In this study, we aimed to evaluate the utility of qHTS at the pilot stage of assay testing for large HTS campaigns. Pilot testing of an HTS assay is a necessary step in which the protocol and assay system is applied to small selected library sets to determine the robustness and hit rate of the assay protocol. 14 Traditionally, pilot testing is performed on the automated screening system with a small set of compounds (~10,000) in at least duplicate runs at one concentration to confirm screening logistics, screening feasibility, data quality, and hit rates. The identified hits are then validated in a titration-based format to confirm hits by dose-response analysis. At this point, the confirmation rate (CR), FP rate (FPR), and sometimes FN rate (FNR) are estimated. Oftentimes this becomes an iterative process. For example, if the hit rate is too high, the pilot tests may have to be repeated at lower concentrations. Given that qHTS provides both single-concentration and concentration-response data sets in one experiment, it seems that application of this method to assay pilot testing would greatly facilitate this necessary step in assay optimization and HTS adaptation.
For the purpose of assay pilot testing, we selected an asymmetric titration scheme covering a concentration range of >600-fold using eight titration points in 1536-well source plates. In these qHTS plate sets, the top four concentrations are similar to the typical concentrations used in our HTS process, and the bottom four concentrations are used to facilitate robust curve fitting. To date, we have employed three specialized small libraries for qHTS: the first is a “mechanism of action” library, in which the biological target/pathway has been annotated; the second is a so-called “random set”, which is constructed to represent the diversity within our larger compound-screening deck; and the third is a so-called “Challenge” library containing compounds known to interfere with a variety of detection technologies. We describe here the process for producing the interplate titration, analyzing the data with screening/curve-fitting data analysis software, and the treatment of experimental data sets to determine FPs, FNs, CRs, and hit rates as a function of screening concentration.
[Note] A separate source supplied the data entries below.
(* Let $E$ be a Hermite–Biehler entire function with no real zeros whose phase function satisfies $\varphi'\in L^\infty(\mathbb{R})$. There exists $\delta>0$, depending only on $\lVert\varphi'\rVert_\infty$, such that for every $\xi\in\mathbb{R}$ and every $\alpha\in[0,\pi)$ with $\lvert A_\alpha(\xi)\rvert=\lvert E(\xi)\rvert$ there is an interval $I=(a,b)$ containing $\xi$ with $\xi-a>\delta$, $b-\xi>\delta$, and $$\left\lvert\frac{A_\alpha(x)}{E(x)}\right\rvert^2\ge\frac12,\qquad x\in I.$$
   Context: An entire function $E$ is Hermite–Biehler if $\lvert E(\overline{z})\rvert < \lvert E(z)\rvert$ for $z$ in the upper half-plane $\mathbb{C}_+$. Let $E^{\#}(z)=\overline{E(\overline z)}$; the phase function $\varphi$ is a smooth real function on $\mathbb{R}$ with $E^{\#}(x)/E(x)=e^{i\varphi(x)}$ (equivalently $\varphi=-2\arg E$ on $\mathbb{R}$). For $\alpha\in\mathbb{R}$, $A_\alpha=(e^{i\alpha}E+e^{-i\alpha}E^{\#})/2$ is the real part of $e^{i\alpha}E$. *)

theory Defs
  imports "HOL-Complex_Analysis.Complex_Analysis"
begin

definition hermite_biehler :: "(complex \<Rightarrow> complex) \<Rightarrow> bool" where
  "hermite_biehler E \<longleftrightarrow> E holomorphic_on UNIV \<and>
     (\<forall>z. Im z > 0 \<longrightarrow> cmod (E (cnj z)) < cmod (E z))"

definition sharp :: "(complex \<Rightarrow> complex) \<Rightarrow> complex \<Rightarrow> complex" where
  "sharp E z = cnj (E (cnj z))"

definition A_alpha :: "(complex \<Rightarrow> complex) \<Rightarrow> real \<Rightarrow> complex \<Rightarrow> complex" where
  "A_alpha E \<alpha> z = (cis \<alpha> * E z + cis (-\<alpha>) * sharp E z) / 2"

end

theory Submission
  imports Defs
begin

text \<open>On the real line \<open>E\<^sup>#/E = cis \<phi>\<close>, so \<open>|A\<^sub>\<alpha>/E|\<^sup>2 = (1 + cos (\<phi> - 2\<alpha>))/2\<close>.
  The hypothesis \<open>|A\<^sub>\<alpha>(\<xi>)| = |E(\<xi>)|\<close> says that \<open>\<phi>(\<xi>) - 2\<alpha>\<close> is a multiple of
  \<open>2\<pi>\<close>, and the ratio stays at least 1/2 as long as \<open>\<phi>\<close> moves by at most \<open>\<pi>/2\<close>.
  Since \<open>\<phi>\<close> is \<open>M\<close>-Lipschitz with \<open>M = sup |\<phi>'|\<close>, this holds on the interval of
  radius \<open>1/(M + 1)\<close> around \<open>\<xi>\<close>.\<close>

lemma norm_A_alpha_div_sq:
  assumes "E z \<noteq> 0" and "sharp E z / E z = cis p"
  shows "(cmod (A_alpha E \<alpha> z / E z))\<^sup>2 = (1 + cos (p - 2 * \<alpha>)) / 2"
proof -
  have "sharp E z = cis p * E z"
    using assms by (simp add: field_simps)
  then have "A_alpha E \<alpha> z / E z = (cis \<alpha> + cis (-\<alpha>) * cis p) / 2"
    using assms(1) unfolding A_alpha_def by (simp add: field_simps)
  also have "\<dots> = cis \<alpha> * (1 + cis (p - 2 * \<alpha>)) / 2"
    by (simp add: distrib_left cis_mult)
  finally have ratio: "A_alpha E \<alpha> z / E z = cis \<alpha> * (1 + cis (p - 2 * \<alpha>)) / 2" .
  have "(cmod (1 + cis (p - 2 * \<alpha>)))\<^sup>2 = (1 + cos (p - 2 * \<alpha>))\<^sup>2 + (sin (p - 2 * \<alpha>))\<^sup>2"
    by (simp add: cmod_power2)
  also have "\<dots> = 2 + 2 * cos (p - 2 * \<alpha>)"
    using sin_cos_squared_add[of "p - 2 * \<alpha>"] by (simp add: power2_eq_square algebra_simps)
  finally show ?thesis
    unfolding ratio by (simp add: norm_mult norm_divide power_divide)
qed

lemma cos_nonneg_near_cos_eq_1:
  fixes \<theta> \<theta>\<^sub>0 :: real
  assumes "cos \<theta>\<^sub>0 = 1" and "\<bar>\<theta> - \<theta>\<^sub>0\<bar> \<le> pi / 2"
  shows "0 \<le> cos \<theta>"
proof -
  have "sin \<theta>\<^sub>0 = 0"
    using sin_cos_squared_add[of \<theta>\<^sub>0] assms(1) by simp
  then have "cos \<theta> = cos (\<theta> - \<theta>\<^sub>0)"
    using cos_diff[of \<theta> \<theta>\<^sub>0] cos_add[of "\<theta> - \<theta>\<^sub>0" \<theta>\<^sub>0] assms(1) by simp
  also have "\<dots> \<ge> 0"
    using assms(2) unfolding abs_le_iff by (intro cos_ge_zero) linarith+
  finally show ?thesis .
qed

lemma abs_le_SUP_abs:
  fixes f :: "'a \<Rightarrow> real"
  assumes "bounded (range f)"
  shows "\<bar>f x\<bar> \<le> (SUP y. \<bar>f y\<bar>)"
proof (rule cSUP_upper)
  from assms obtain B where "\<And>y. \<bar>f y\<bar> \<le> B"
    by (auto simp: bounded_iff)
  then show "bdd_above (range (\<lambda>y. \<bar>f y\<bar>))"
    by (rule bdd_aboveI2)
qed simp

lemma abs_diff_le_of_deriv_bound:
  fixes f f' :: "real \<Rightarrow> real"
  assumes "\<And>x. (f has_real_derivative f' x) (at x)" and "\<And>x. \<bar>f' x\<bar> \<le> L"
  shows "\<bar>f x - f y\<bar> \<le> L * \<bar>x - y\<bar>"
  using field_differentiable_bound[OF convex_UNIV, of f f' L x y] assms by simp

theorem lemma7:
  fixes M :: real
  shows "\<exists>\<delta>>0. \<forall>(E :: complex \<Rightarrow> complex) (\<phi> :: real \<Rightarrow> real) (\<phi>' :: real \<Rightarrow> real).
     hermite_biehler E \<and>
     (\<forall>x::real. E (complex_of_real x) \<noteq> 0) \<and>
     (\<forall>x. (\<phi> has_real_derivative \<phi>' x) (at x)) \<and>
     (\<forall>x::real. sharp E (complex_of_real x) / E (complex_of_real x) = cis (\<phi> x)) \<and>
     bounded (range \<phi>') \<and> (SUP x. \<bar>\<phi>' x\<bar>) = M
     \<longrightarrow> (\<forall>\<xi>::real. \<forall>\<alpha>\<in>{0..<pi}.
            cmod (A_alpha E \<alpha> (complex_of_real \<xi>)) = cmod (E (complex_of_real \<xi>)) \<longrightarrow>
            (\<exists>a b. \<xi> - a > \<delta> \<and> b - \<xi> > \<delta> \<and>
               (\<forall>x\<in>{a<..<b}. (cmod (A_alpha E \<alpha> (complex_of_real x) / E (complex_of_real x)))\<^sup>2 \<ge> 1/2)))"
proof (rule exI[of _ "1 / (2 * (\<bar>M\<bar> + 1))"], intro conjI allI impI ballI)
  define r where "r = 1 / (\<bar>M\<bar> + 1)"
  show "0 < 1 / (2 * (\<bar>M\<bar> + 1))"
    by (simp add: add_pos_nonneg)
  fix E \<phi> \<phi>' \<xi> \<alpha>
  assume H: "hermite_biehler E \<and> (\<forall>x::real. E (complex_of_real x) \<noteq> 0) \<and>
     (\<forall>x. (\<phi> has_real_derivative \<phi>' x) (at x)) \<and>
     (\<forall>x::real. sharp E (complex_of_real x) / E (complex_of_real x) = cis (\<phi> x)) \<and>
     bounded (range \<phi>') \<and> (SUP x. \<bar>\<phi>' x\<bar>) = M"
    and "\<alpha> \<in> {0..<pi}"
    and on_circle: "cmod (A_alpha E \<alpha> (complex_of_real \<xi>)) = cmod (E (complex_of_real \<xi>))"
  have ratio: "(cmod (A_alpha E \<alpha> (complex_of_real x) / E (complex_of_real x)))\<^sup>2
      = (1 + cos (\<phi> x - 2 * \<alpha>)) / 2" for x
    using H norm_A_alpha_div_sq by blast
  have "\<bar>\<phi>' x\<bar> \<le> \<bar>M\<bar>" for x
    using H abs_le_SUP_abs[of \<phi>' x] by auto
  then have lip: "\<bar>\<phi> x - \<phi> \<xi>\<bar> \<le> \<bar>M\<bar> * \<bar>x - \<xi>\<bar>" for x
    using H abs_diff_le_of_deriv_bound by blast
  have cos_\<xi>: "cos (\<phi> \<xi> - 2 * \<alpha>) = 1"
    using ratio[of \<xi>] on_circle H by (simp add: norm_divide)
  show "\<exists>a b. \<xi> - a > 1 / (2 * (\<bar>M\<bar> + 1)) \<and> b - \<xi> > 1 / (2 * (\<bar>M\<bar> + 1)) \<and>
      (\<forall>x\<in>{a<..<b}. (cmod (A_alpha E \<alpha> (complex_of_real x) / E (complex_of_real x)))\<^sup>2 \<ge> 1/2)"
  proof (rule exI[of _ "\<xi> - r"], rule exI[of _ "\<xi> + r"], intro conjI ballI)
    show "\<xi> - (\<xi> - r) > 1 / (2 * (\<bar>M\<bar> + 1))" "\<xi> + r - \<xi> > 1 / (2 * (\<bar>M\<bar> + 1))"
      by (auto simp: r_def field_simps add_pos_nonneg)
    fix x assume "x \<in> {\<xi> - r<..<\<xi> + r}"
    then have "\<bar>M\<bar> * \<bar>x - \<xi>\<bar> \<le> \<bar>M\<bar> * r"
      by (intro mult_left_mono) auto
    also have "\<dots> \<le> 1"
      by (simp add: r_def field_simps)
    finally have "\<bar>(\<phi> x - 2 * \<alpha>) - (\<phi> \<xi> - 2 * \<alpha>)\<bar> \<le> pi / 2"
      using lip[of x] pi_gt3 by linarith
    then have "0 \<le> cos (\<phi> x - 2 * \<alpha>)"
      by (rule cos_nonneg_near_cos_eq_1[OF cos_\<xi>])
    then show "(cmod (A_alpha E \<alpha> (complex_of_real x) / E (complex_of_real x)))\<^sup>2 \<ge> 1/2"
      by (simp add: ratio)
  qed
qed

end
A specific example is given for each of the three types of pilot libraries in which this approach enabled rapid collection of assay performance statistics and assessment of pharmacologic profiles.
Methods
Focus Libraries
The Challenge library contains 1408 compounds so as to fit within one 1536-well plate (at one concentration) and is based on frequent hitters in both biochemical and firefly luciferase (FLuc)-based reporter gene assays (RGAs). The mechanism of action (MoA) library contains 2641 compounds and represents drugs or compounds with well-validated molecular mechanisms. The random set was designed to represent our larger compound collection and is primarily used to estimate the hit rate. See the
Assays
Biochemical assays that were tested here included a purified enzyme assay using FLuc and a protease assay that monitored cleavage of a profluorescent substrate.15,16 Cell-based assays included two different RGAs employing FLuc as the reporter. Compounds were added from the 1536-well source plates to the assay plates using a 20 or 50 nL slotted pin tool (V&P Scientific, San Diego, CA). 17 All assays were optimized in 1536-well plates to show acceptable performance as measured by Z′ factors >0.5. 18 For all qHTS experiments, the plates were prepared starting with the lowest concentration plate and progressed to the highest concentration plate to limit carryover effects of the pin tool.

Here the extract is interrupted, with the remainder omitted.